Evolving our consciousness is not something we do only for ourselves - it is something we also do for others… for all others, and for the earth. Because we open up and let our body and mind feel the ties with others and with nature, we change ourselves, and change others around us… Ervin László
One of the biggest barriers to the evolution of consciousness is that our social sciences are founded on an error! This is the mistaken thinking that the mind and culture only follow the laws of classical mechanistic physics. We relate to ourselves and others as things, like breadbaskets, cars and houses, which are material and measurable. The problem is that we are not simply objects. We possess consciousness, which is fluid, emergent and subjective. This means we need a new model of perception to understand the workings of the mind and consciousness in order to meet the challenges of a rapidly changing world.
What is emerging in the latest thinking in Quantum Social Science is that, as Andrew Wendt states, despite centuries of effort, no one has come up with an even remotely plausible classical solution to the mind-body problem – namely, how the material world described by classical physics and neuroscience could possibly lead to consciousness. How could something that is material be conscious? This is a very intriguing question that has baffled scientists for decades. There is growing evidence that suggests that the mind (physical matter) goes far beyond the physical workings of our brain which is influenced by non-local events. This is evidenced in unexplainable experiences like intuition, telepathy, clairvoyance and clairsentience. Yet, when we look through the lens of Quantum theory, we find a resolution to the mind-body problem. Here the mind occurs as both a producer and a receiver of consciousness, rather than simply the producer. *(I, Michael, am not a physicist and am using quantum terms and concepts metaphorically to support a deepening exploration of consciousness within ourselves and our world).*
To find out what is truly individual in ourselves, profound reflection is needed; and suddenly we realize how uncommonly difficult the discovery of individuality is. C.G. Jung
So why is the exploration of consciousness so important? Because, for the past 350 years we have been relating to ourselves as separate objects; separate from our body, each other, our community and nature. How else can we explain the desecration of our environment, massive global genocide, dropping atomic bombs and a culture that puts money above life? By exploring ourselves through the quantum perception of inseparability, even as a metaphor, we see that everything is connected and affects everything else. We think that we are inhabitors of a body looking out there, but our perception is influencing what we see and how we relate to others and the world. In physics this is called the observer effect, the theory that the mere observation of a phenomenon inevitably shapes what we see and experience.

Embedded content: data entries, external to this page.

(* Let $F$ be any field, $N\in\mathbb{N}$, and $p,p'\in\mathbb{N}$ with $p+p'\le N+1$. If $x\in F^{N+1}$ satisfies $\operatorname{rank}(H_{p-1,p'}(x))\le p'$, then $\operatorname{rank}(H_{p-1,p'}(x))\le \operatorname{rank}(H_{p,p'-1}(x))$.
   Context: $\mathbb{N}=\{0,1,2,\ldots\}$. For $N\in\mathbb{N}$, $x=(x_0,\ldots,x_N)\in F^{N+1}$ and integers $s,t\ge -1$ with $s+t\le N$, the Hankel matrix $H_{s,t}(x)$ is the $(s+1)\times(t+1)$ matrix $(x_{i+j})_{0\le i\le s,\,0\le j\le t}$ (a matrix with zero rows or columns has rank $0$). *)

theory Defs
  imports "Jordan_Normal_Form.DL_Rank"
begin

text \<open>Hankel matrix H_{s,t}(x) with s+1 rows and t+1 columns, given by the
  numbers of rows r = s+1 and columns c = t+1 (so s,t \<ge> -1 correspond to r,c \<ge> 0).\<close>
definition hankel :: "nat \<Rightarrow> nat \<Rightarrow> 'a vec \<Rightarrow> 'a mat" where
  "hankel r c x = mat r c (\<lambda>(i, j). x $ (i + j))"

definition mrank :: "'a::field mat \<Rightarrow> nat" where
  "mrank A = vec_space.rank (dim_row A) A"

end

theory Submission
  imports Defs "Jordan_Normal_Form.Matrix_Kernel"
begin

(* Write H = H_{p-1,p'} and H' = H_{p,p'-1}. By rank-nullity it suffices to show
   dim ker H > dim ker H' whenever K = ker H' is nonzero; if K = 0, then rank H' = p'
   and the hypothesis already gives the claim. Since the rows of H are windows of the rows
   of H', every c in K yields the two kernel vectors (c,0) and (0,c) of H. Taking a in K
   whose last nonzero entry lies as far right as possible, (0,a) is not of the form (c,0)
   with c in K, so K + span{(0,a)} is a subspace of ker H of dimension dim K + 1. *)

lemma (in linear_map) inj_on_imp_dim_le:
  assumes inj: "inj_on T (carrier V)" and fV: "V.fin_dim" and fW: "W.fin_dim"
  shows "V.dim \<le> W.dim"
proof -
  obtain B where fB: "finite B" and bB: "V.basis B" using V.finite_basis_exists[OF fV] by blast
  have BV: "B \<subseteq> carrier V" and liB: "V.module.lin_indpt B" using bB unfolding V.basis_def by auto
  have TB: "T ` B \<subseteq> carrier W" using BV by auto
  have li: "W.module.lin_indpt (T ` B)"
  proof (rule W.module.finite_lin_indpt2)
    show "finite (T ` B)" using fB by simp
    show "T ` B \<subseteq> carrier W" by fact
    fix a assume a: "a \<in> T ` B \<rightarrow> carrier K" and lc: "W.module.lincomb a (T ` B) = \<zero>\<^bsub>W\<^esub>"
    have "W.module.lincomb a (T ` B) = T (V.module.lincomb (a \<circ> T) B)"
      by (rule lincomb_linear_image[OF inj BV a fB])
    moreover have "V.module.lincomb (a \<circ> T) B \<in> carrier V"
      using BV a by (intro V.module.lincomb_closed) auto
    ultimately have "V.module.lincomb (a \<circ> T) B = \<zero>\<^bsub>V\<^esub>"
      using lc inj by (metis V.module.M.zero_closed f0_is_0 inj_on_def)
    moreover have "(a \<circ> T) \<in> B \<rightarrow> carrier K" using a by auto
    ultimately have "(a \<circ> T) \<in> B \<rightarrow> {\<zero>\<^bsub>K\<^esub>}"
      using V.not_lindepD[OF liB fB order_refl] by blast
    then show "\<forall>v\<in>T ` B. a v = \<zero>\<^bsub>K\<^esub>" by auto
  qed
  have "card (T ` B) = card B" using inj BV by (meson card_image inj_on_subset)
  moreover have "V.dim = card B" using V.dim_basis[OF fB bB] .
  moreover have "card (T ` B) \<le> W.dim" using W.li_le_dim(2)[OF fW TB li] .
  ultimately show ?thesis by simp
qed
lemma tight_chain_cong:
  "tight_chain D \<rho> x S \<Longrightarrow> (\<And>e. e \<in> S \<Longrightarrow> y e = x e) \<Longrightarrow> tight_chain D \<rho> y S"
proof (induction rule: tight_chain.induct)
  case empty
  show ?case by (rule tight_chain.empty)
next
  case (insert S c)
  have "(\<Sum>e\<in>insert c S. y e) = (\<Sum>e\<in>insert c S. x e)"
    using insert.prems by (intro sum.cong) auto
  then have "tight \<rho> y (insert c S)"
    using insert.hyps(4) by (simp add: tight_def)
  with insert show ?case by (auto intro: tight_chain.insert)
qed

lemma tight_chain_lattice_extension:
  assumes "lattice_extension D \<rho> D' \<rho>'"
  shows "tight_chain D \<rho> x S \<Longrightarrow> tight_chain D' \<rho>' x S"
proof (induction rule: tight_chain.induct)
  case empty
  show ?case by (rule tight_chain.empty)
next
  case (insert S c)
  then have "insert c S \<in> D'" "tight \<rho>' x (insert c S)"
    using assms by (auto simp: lattice_extension_def tight_def)
  with insert show ?case by (auto intro: tight_chain.insert)
qed

definition shift :: "('a \<Rightarrow> real) \<Rightarrow> 'a \<Rightarrow> 'a \<Rightarrow> real \<Rightarrow> 'a \<Rightarrow> real" where
  "shift x u v t = (\<lambda>e. x e + (if e = u then t else 0) - (if e = v then t else 0))"

lemma sum_shift:
  "finite A \<Longrightarrow> (\<Sum>e\<in>A. shift x u v t e) =
     (\<Sum>e\<in>A. x e) + (if u \<in> A then t else 0) - (if v \<in> A then t else 0)"
  by (simp add: shift_def sum.distrib sum_subtractf)

lemma convex_combination_eq_bound:
  fixes u p q r :: real
  assumes "0 < u" "u < 1" "p \<le> r" "q \<le> r" "(1 - u) * p + u * q = r"
  shows "p = r \<and> q = r"
proof -
  have "(1 - u) * p \<le> (1 - u) * r" "u * q \<le> u * r"
    using assms by (auto intro: mult_left_mono)
  moreover have "p < r \<Longrightarrow> (1 - u) * p < (1 - u) * r" "q < r \<Longrightarrow> u * q < u * r"
    using assms by simp_all
  moreover have "(1 - u) * r + u * r = r" by (simp add: algebra_simps)
  ultimately show ?thesis using assms(3-5) by linarith
qed

lemma vertex_midpoint_eq:
  assumes "x \<in> vertices P" "a \<in> P" "b \<in> P" "x = (\<lambda>e. (a e + b e) / 2)"
  shows "a = b"
proof (rule ccontr)
  assume "a \<noteq> b"
  then have "\<not> (\<exists>w::real. 0 < w \<and> w < 1 \<and> x = (\<lambda>e. (1 - w) * a e + w * b e))"
    using assms(1-3) unfolding vertices_def by blast
  moreover have "x = (\<lambda>e. (1 - 1 / 2) * a e + 1 / 2 * b e)"
    using assms(4) by (simp add: field_simps)
  moreover have "(0::real) < 1 / 2" "(1 / 2 :: real) < 1" by simp_all
  ultimately show False by blast
qed

locale umatroid =
  fixes E :: "'a set" and D :: "'a set set" and \<rho> :: "'a set \<Rightarrow> nat"
  assumes U_matroid: "U_matroid E D \<rho>"
begin

lemma finite_E: "finite E"
  using U_matroid by (simp add: U_matroid_def)

lemma subset_E: "A \<in> D \<Longrightarrow> A \<subseteq> E"
  using U_matroid by (auto simp: U_matroid_def accessible_distributive_lattice_def)

lemma finite_mem: "A \<in> D \<Longrightarrow> finite A"
  using subset_E finite_E finite_subset by blast

lemma finite_D: "finite D"
  using subset_E finite_E by (meson Pow_iff finite_Pow_iff finite_subset subsetI)

lemma empty_mem: "{} \<in> D"
  using U_matroid by (simp add: U_matroid_def accessible_distributive_lattice_def)

lemma E_mem: "E \<in> D"
  using U_matroid by (simp add: U_matroid_def accessible_distributive_lattice_def)

lemma Un_mem: "A \<in> D \<Longrightarrow> B \<in> D \<Longrightarrow> A \<union> B \<in> D"
  using U_matroid by (simp add: U_matroid_def accessible_distributive_lattice_def)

When we view ourselves as deeply related, both affecting and being affected by others, we move from a stance of “othering” and projecting our views, beliefs and assumptions on others, to a presence of curiosity and wonder towards the views of reality that we are mutually co-creating. In order to step into this perception of what Thich Nhat Hanh has called inter-being, we must be willing to let go of our strongly held beliefs and embrace uncertainty. When nothing is certain, anything is possible. Uncertainty leads us to what physicists might call infinite potentiality.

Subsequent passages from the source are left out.